The wall confronting large language models

(arxiv.org)

170 points PaulHoule | 4 comments | 03 Sep 25 11:40 UTC | HN request time: 0s | source

Show context

measurablefunc ◴[03 Sep 25 20:29 UTC] No.45120049[source]▶

There is a formal extensional equivalence between Markov chains & LLMs but the only person who seems to be saying anything about this is Gary Marcus. He is constantly making the point that symbolic understanding can not be reduced to a probabilistic computation regardless of how large the graph gets it will still be missing basic stuff like backtracking (which is available in programming languages like Prolog). I think that Gary is right on basically all counts. Probabilistic generative models are fun but no amount of probabilistic sequence generation can be a substitute for logical reasoning.

replies(16): >>45120249 #>>45120259 #>>45120415 #>>45120573 #>>45120628 #>>45121159 #>>45121215 #>>45122702 #>>45122805 #>>45123808 #>>45123989 #>>45125478 #>>45125935 #>>45129038 #>>45130942 #>>45131644 #

Certhas ◴[03 Sep 25 20:48 UTC] No.45120259[source]▶

>>45120049 #

I don't understand what point you're hinting at.

Either way, I can get arbitrarily good approximations of arbitrary nonlinear differential/difference equations using only linear probabilistic evolution at the cost of a (much) larger state space. So if you can implement it in a brain or a computer, there is a sufficiently large probabilistic dynamic that can model it. More really is different.

So I view all deductive ab-initio arguments about what LLMs can/can't do due to their architecture as fairly baseless.

(Note that the "large" here is doing a lot of heavy lifting. You need _really_ large. See https://en.m.wikipedia.org/wiki/Transfer_operator)

replies(5): >>45120313 #>>45120341 #>>45120344 #>>45123837 #>>45124441 #

awesome_dude ◴[03 Sep 25 20:57 UTC] No.45120341[source]▶

>>45120259 #

I think that the difference can be best explained thus:

I guess that you are most likely going to have cereal for breakfast tomorrow, I also guess that it's because it's your favourite.

I understand that you don't like cereal for breakfast, and I understand that you only have it every day because a Dr told you that it was the only way for you to start the day in a way that aligns with your health and dietary needs.

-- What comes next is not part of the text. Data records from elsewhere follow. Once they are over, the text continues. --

lemma powr_le_powr_diff_mult:
  fixes y c p q :: real
  assumes "0 \<le> y" "y \<le> c" "q \<le> p"
  shows "y powr p \<le> c powr (p - q) * y powr q"
proof (cases "y = 0")
  case False
  then have "y powr p = y powr (p - q) * y powr q"
    by (simp add: powr_add[symmetric])
  also have "\<dots> \<le> c powr (p - q) * y powr q"
    using assms by (intro mult_right_mono powr_mono2) auto
  finally show ?thesis .
qed simp

lemma powr_dominates_eventually:
  fixes a b \<epsilon> K :: real
  assumes "0 < a" "a < b" "0 < \<epsilon>"
  obtains P where "\<And>p. P \<le> p \<Longrightarrow> K * a powr p < \<epsilon> * b powr p"
proof -
  define L where "L = ln (b / a)"
  have "0 < L"
    using assms by (simp add: L_def)
  have "K * a powr p < \<epsilon> * b powr p" if "K / (\<epsilon> * L) \<le> p" for p
  proof -
    have "K / \<epsilon> \<le> p * L"
      using that \<open>0 < L\<close> assms(3) by (simp add: field_simps)
    also have "\<dots> < exp (p * L)"
      using exp_gt_self by blast
    also have "\<dots> = (b / a) powr p"
      using assms by (simp add: L_def powr_def mult.commute)
    finally have "K < \<epsilon> * (b / a) powr p"
      using assms(3) by (simp add: field_simps)
    then have "K * a powr p < \<epsilon> * (b / a) powr p * a powr p"
      using assms(1) by (simp add: mult_strict_right_mono)
    also have "\<dots> = \<epsilon> * b powr p"
      using assms by (simp add: powr_divide)
    finally show ?thesis .
  qed
  then show ?thesis
    by (rule that)
qed

lemma abs_min_diff_le: "\<bar>min a c - min b c\<bar> \<le> \<bar>a - b\<bar>" for a b c :: real
  by (simp add: min_def abs_if)

lemma integrable_min_diff:
  fixes u v :: "'a \<Rightarrow> real"
  assumes "u \<in> borel_measurable M" "v \<in> borel_measurable M"
    and "integrable M (\<lambda>x. u x - v x)"
  shows "integrable M (\<lambda>x. min (u x) c - min (v x) c)"
  using assms abs_min_diff_le by (intro Bochner_Integration.integrable_bound[OF assms(3)]) auto

lemma tendsto_integral_min_diff:
  fixes u v :: "'a \<Rightarrow> real"
  assumes "u \<in> borel_measurable M" "v \<in> borel_measurable M"
    and "integrable M (\<lambda>x. u x - v x)"
  shows "(\<lambda>n. \<integral>x. min (u x) (real n) - min (v x) (real n) \<partial>M) \<longlonglongrightarrow> (\<integral>x. u x - v x \<partial>M)"
proof (rule integral_dominated_convergence[where w = "\<lambda>x. \<bar>u x - v x\<bar>"])
  show "(\<lambda>x. u x - v x) \<in> borel_measurable M"
    using assms(1,2) by measurable
  show "(\<lambda>x. min (u x) (real n) - min (v x) (real n)) \<in> borel_measurable M" for n
    using assms(1,2) by measurable
  show "integrable M (\<lambda>x. \<bar>u x - v x\<bar>)"
    using assms(3) by simp
  show "AE x in M. norm (min (u x) (real n) - min (v x) (real n)) \<le> \<bar>u x - v x\<bar>" for n
    using abs_min_diff_le by simp
  show "AE x in M. (\<lambda>n. min (u x) (real n) - min (v x) (real n)) \<longlonglongrightarrow> u x - v x"
  proof (intro AE_I2 tendsto_eventually)
    fix x
    obtain n0 :: nat where "max (u x) (v x) \<le> real n0"
      using real_arch_simple by blast
    then show "\<forall>\<^sub>F n in sequentially. min (u x) (real n) - min (v x) (real n) = u x - v x"
      by (intro eventually_sequentiallyI[of n0]) auto
  qed
qed

definition trunc_powr_above :: "real \<Rightarrow> real \<Rightarrow> real \<Rightarrow> real \<Rightarrow> real" where
  "trunc_powr_above c p N y = (if c < y then min (y powr p) N else 0)"

lemma trunc_powr_above_nonneg: "0 \<le> N \<Longrightarrow> 0 \<le> trunc_powr_above c p N y"
  by (simp add: trunc_powr_above_def)

lemma borel_measurable_trunc_powr_above:
  fixes H :: "real \<Rightarrow> real"
  assumes "H \<in> borel_measurable lebesgue"
  shows "(\<lambda>x. trunc_powr_above c p N (H x)) \<in> borel_measurable lebesgue"
  unfolding trunc_powr_above_def using assms by measurable

lemma min_powr_le_split:
  fixes y c p q N :: real
  assumes "0 \<le> y" "q \<le> p"
  shows "min (y powr p) N \<le> c powr (p - q) * y powr q + trunc_powr_above c p N y"
proof (cases "c < y")
  case False
  then show ?thesis
    using powr_le_powr_diff_mult[of y c q p] assms by (simp add: trunc_powr_above_def min.coboundedI1)
qed (simp add: trunc_powr_above_def \<open>0 \<le> y\<close>)

lemma less_trunc_powr_above_iff:
  fixes y s c p N :: real
  assumes "0 \<le> y" "0 \<le> s" "0 < p"
  shows "s < trunc_powr_above c p N y \<longleftrightarrow> s < N \<and> max c (s powr (1/p)) < y"
  using less_powr_iff_root_less[OF assms(2,1,3)] assms(2) by (auto simp: trunc_powr_above_def)

lemma integrable_min_powr:
  fixes G :: "real \<Rightarrow> real"
  assumes G: "G \<in> borel_measurable lebesgue" "\<And>x. 0 \<le> G x"
    and "integrable lebesgue (\<lambda>x. G x powr q)" "q \<le> p" "0 \<le> N"
    and "emeasure lebesgue {x. c < G x} < \<infinity>"
  shows "integrable lebesgue (\<lambda>x. min (G x powr p) N)"
proof (rule Bochner_Integration.integrable_bound)
  have "{x \<in> space lebesgue. c < G x} \<in> sets lebesgue"
    using G(1) by measurable
  then show "integrable lebesgue (\<lambda>x. c powr (p - q) * G x powr q + N * indicator {x. c < G x} x)"
    using assms(3,6) by (intro Bochner_Integration.integrable_add integrable_mult_right
        integrable_real_indicator) simp_all
  show "AE x in lebesgue. norm (min (G x powr p) N)
      \<le> norm (c powr (p - q) * G x powr q + N * indicator {x. c < G x} x)"
  proof (intro AE_I2)
    fix x
    have "trunc_powr_above c p N (G x) \<le> N * indicator {x. c < G x} x"
      by (simp add: trunc_powr_above_def assms(5))
    then have "min (G x powr p) N \<le> c powr (p - q) * G x powr q + N * indicator {x. c < G x} x"
      using min_powr_le_split[of "G x" q p N c] G(2)[of x] assms(4) by linarith
    then show "norm (min (G x powr p) N) \<le> norm (c powr (p - q) * G x powr q + N * indicator {x. c < G x} x)"
      using assms(5) by simp
  qed
  show "(\<lambda>x. min (G x powr p) N) \<in> borel_measurable lebesgue"
    using G(1) by measurable
qed

lemma emeasure_trunc_powr_above_compare:
  fixes F G :: "real \<Rightarrow> real" and p c1 c2 \<epsilon> N s :: real
  assumes F: "F \<in> borel_measurable lebesgue" "\<And>x. 0 \<le> F x"
    and G: "G \<in> borel_measurable lebesgue" "\<And>x. 0 \<le> G x"
    and "0 < p" "0 < c1" "c1 < c2" "c2 powr p \<le> N" "0 \<le> s"
    and dominated: "\<And>\<tau>. c1 \<le> \<tau> \<Longrightarrow> emeasure lebesgue {x. \<tau> < G x} \<le> emeasure lebesgue {x. \<tau> < F x}"
    and gap: "emeasure lebesgue {x. c1 < G x} + ennreal \<epsilon> \<le> emeasure lebesgue {x. c2 < F x}"
  shows "emeasure lebesgue {x. s < trunc_powr_above c1 p N (G x)} + ennreal \<epsilon> * indicator {..<c2 powr p} s
    \<le> emeasure lebesgue {x. s < trunc_powr_above c1 p N (F x)}"
proof (cases "s < N")
  case False
  then have "{x. s < trunc_powr_above c1 p N (H x)} = {}" for H :: "real \<Rightarrow> real"
    using \<open>0 \<le> s\<close> by (auto simp: trunc_powr_above_def)
  then show ?thesis
    using \<open>c2 powr p \<le> N\<close> False by simp
next
  case True
  have level: "{x. \<tau> < H x} \<in> sets lebesgue" if "H \<in> borel_measurable lebesgue" for H :: "real \<Rightarrow> real" and \<tau>
    using that[unfolded borel_measurable_iff_greater] by simp
  define m where "m = max c1 (s powr (1/p))"
  have trunc_level: "{x. s < trunc_powr_above c1 p N (H x)} = {x. m < H x}" if "\<And>x. 0 \<le> H x" for H
    using less_trunc_powr_above_iff[OF that \<open>0 \<le> s\<close> \<open>0 < p\<close>] True by (auto simp: m_def)
  have "emeasure lebesgue {x. m < G x} + ennreal \<epsilon> * indicator {..<c2 powr p} s
      \<le> emeasure lebesgue {x. m < F x}"
  proof (cases "s < c2 powr p")
    case False
    then show ?thesis
      using dominated[of m] by (simp add: m_def)
  next
    case True
    then have "m < c2"
      using less_powr_iff_root_less[of s c2 p] assms(5-7,9) by (simp add: m_def)
    have "emeasure lebesgue {x. m < G x} \<le> emeasure lebesgue {x. c1 < G x}"
      by (intro emeasure_mono level G(1)) (auto simp: m_def)
    then have "emeasure lebesgue {x. m < G x} + ennreal \<epsilon> \<le> emeasure lebesgue {x. c2 < F x}"
      using gap by (meson add_right_mono order_trans)
    also have "\<dots> \<le> emeasure lebesgue {x. m < F x}"
      using \<open>m < c2\<close> by (intro emeasure_mono level F(1)) auto
    finally show ?thesis
      using True by simp
  qed
  then show ?thesis
    by (simp only: trunc_level[OF F(2)] trunc_level[OF G(2)])
qed

text \<open>Only the part of min(G^p, N) where G > c1 is compared with F through distribution
  functions; where G \<le> c1 it is bounded by c1^(p - q) G^q.\<close>

lemma nn_integral_min_powr_compare:
  fixes F G :: "real \<Rightarrow> real" and p q c1 c2 \<epsilon> N :: real
  assumes F: "F \<in> borel_measurable lebesgue" "\<And>x. 0 \<le> F x"
    and G: "G \<in> borel_measurable lebesgue" "\<And>x. 0 \<le> G x"
    and G_int: "integrable lebesgue (\<lambda>x. G x powr q)"
    and "0 < q" "q \<le> p" "0 < c1" "c1 < c2" "0 \<le> \<epsilon>" "c2 powr p \<le> N"
    and dominated: "\<And>\<tau>. c1 \<le> \<tau> \<Longrightarrow> emeasure lebesgue {x. \<tau> < G x} \<le> emeasure lebesgue {x. \<tau> < F x}"
    and gap: "emeasure lebesgue {x. c1 < G x} + ennreal \<epsilon> \<le> emeasure lebesgue {x. c2 < F x}"
  shows "(\<integral>\<^sup>+x. min (G x powr p) N \<partial>lebesgue) + ennreal (\<epsilon> * c2 powr p)
    \<le> ennreal (c1 powr (p - q) * (\<integral>x. G x powr q \<partial>lebesgue)) + (\<integral>\<^sup>+x. min (F x powr p) N \<partial>lebesgue)"
proof -
  let ?T = "\<lambda>H x. trunc_powr_above c1 p N (H x)" and ?K = "c1 powr (p - q) * (\<integral>x. G x powr q \<partial>lebesgue)"
  have "0 < p"
    using \<open>0 < q\<close> \<open>q \<le> p\<close> by linarith
  have "0 < c2 powr p"
    using \<open>0 < c1\<close> \<open>c1 < c2\<close> by simp
  then have "0 \<le> N"
    using \<open>c2 powr p \<le> N\<close> by linarith
  have "ennreal (min (G x powr p) N) \<le> ennreal (c1 powr (p - q) * G x powr q) + ennreal (?T G x)" for x
    using min_powr_le_split[of "G x" q p N c1] G(2)[of x] \<open>q \<le> p\<close> trunc_powr_above_nonneg[OF \<open>0 \<le> N\<close>]
    by (simp flip: ennreal_plus)
  then have "(\<integral>\<^sup>+x. min (G x powr p) N \<partial>lebesgue)
      \<le> (\<integral>\<^sup>+x. ennreal (c1 powr (p - q) * G x powr q) + ennreal (?T G x) \<partial>lebesgue)"
    by (rule nn_integral_mono)
  also have "\<dots> = (\<integral>\<^sup>+x. ennreal (c1 powr (p - q) * G x powr q) \<partial>lebesgue) + (\<integral>\<^sup>+x. ?T G x \<partial>lebesgue)"
    using G(1) borel_measurable_trunc_powr_above[OF G(1)] by (intro nn_integral_add) auto
  also have "\<dots> = ennreal ?K + (\<integral>\<^sup>+x. ?T G x \<partial>lebesgue)"
    using G_int by (subst nn_integral_eq_integral) auto
  finally have G_split: "(\<integral>\<^sup>+x. min (G x powr p) N \<partial>lebesgue) \<le> ennreal ?K + (\<integral>\<^sup>+x. ?T G x \<partial>lebesgue)" .
  have T_compare: "(\<integral>\<^sup>+x. ?T G x \<partial>lebesgue) + ennreal (\<epsilon> * c2 powr p) \<le> (\<integral>\<^sup>+x. ?T F x \<partial>lebesgue)"
    using emeasure_trunc_powr_above_compare[OF F G \<open>0 < p\<close> \<open>0 < c1\<close> \<open>c1 < c2\<close> \<open>c2 powr p \<le> N\<close> _
        dominated gap]
    by (intro nn_integral_add_le_by_distribution borel_measurable_trunc_powr_above F(1) G(1)
        trunc_powr_above_nonneg \<open>0 \<le> N\<close> \<open>0 \<le> \<epsilon>\<close>) simp_all
  have F_upper: "(\<integral>\<^sup>+x. ?T F x \<partial>lebesgue) \<le> (\<integral>\<^sup>+x. min (F x powr p) N \<partial>lebesgue)"
    using \<open>0 \<le> N\<close> by (intro nn_integral_mono) (simp add: trunc_powr_above_def)
  have "(\<integral>\<^sup>+x. min (G x powr p) N \<partial>lebesgue) + ennreal (\<epsilon> * c2 powr p)
      \<le> ennreal ?K + ((\<integral>\<^sup>+x. ?T G x \<partial>lebesgue) + ennreal (\<epsilon> * c2 powr p))"
    using add_right_mono[OF G_split] by (simp only: add.assoc)
  also have "\<dots> \<le> ennreal ?K + (\<integral>\<^sup>+x. min (F x powr p) N \<partial>lebesgue)"
    using T_compare F_upper by (intro add_left_mono) (rule order_trans)
  finally show ?thesis .
qed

Meaning, I can guess based on past behaviour and be right, but understanding the reasoning for those choices, that's a whole other ballgame. Further, if we do end up with an AI that actually understands, well, that would really open up creativity, and problem solving.

replies(1): >>45120879 #

quantummagic ◴[03 Sep 25 22:04 UTC] No.45120879{3}[source]▶

>>45120341 #

How are the two cases you present fundamentally different? Aren't they both the same _type_ of knowledge? Why do you attribute "true understanding" to the case of knowing what the Dr said? Why stop there? Isn't true understanding knowing why we trust what the doctor said (all those years of schooling, and a presumption of competence, etc)? And why stop there? Why do we value years of schooling? Understanding, can always be taken to a deeper level, but does that mean we didn't "truly" understand earlier? And aren't the data structures needed to encode the knowledge, exactly the same for both cases you presented?

replies(1): >>45121027 #

awesome_dude ◴[03 Sep 25 22:23 UTC] No.45121027{4}[source]▶

>>45120879 #

When you ask that question, why don't you just use a corpus of the previous answers to get some result?

Why do you need to ask me, isn't a guess based on past answers good enough?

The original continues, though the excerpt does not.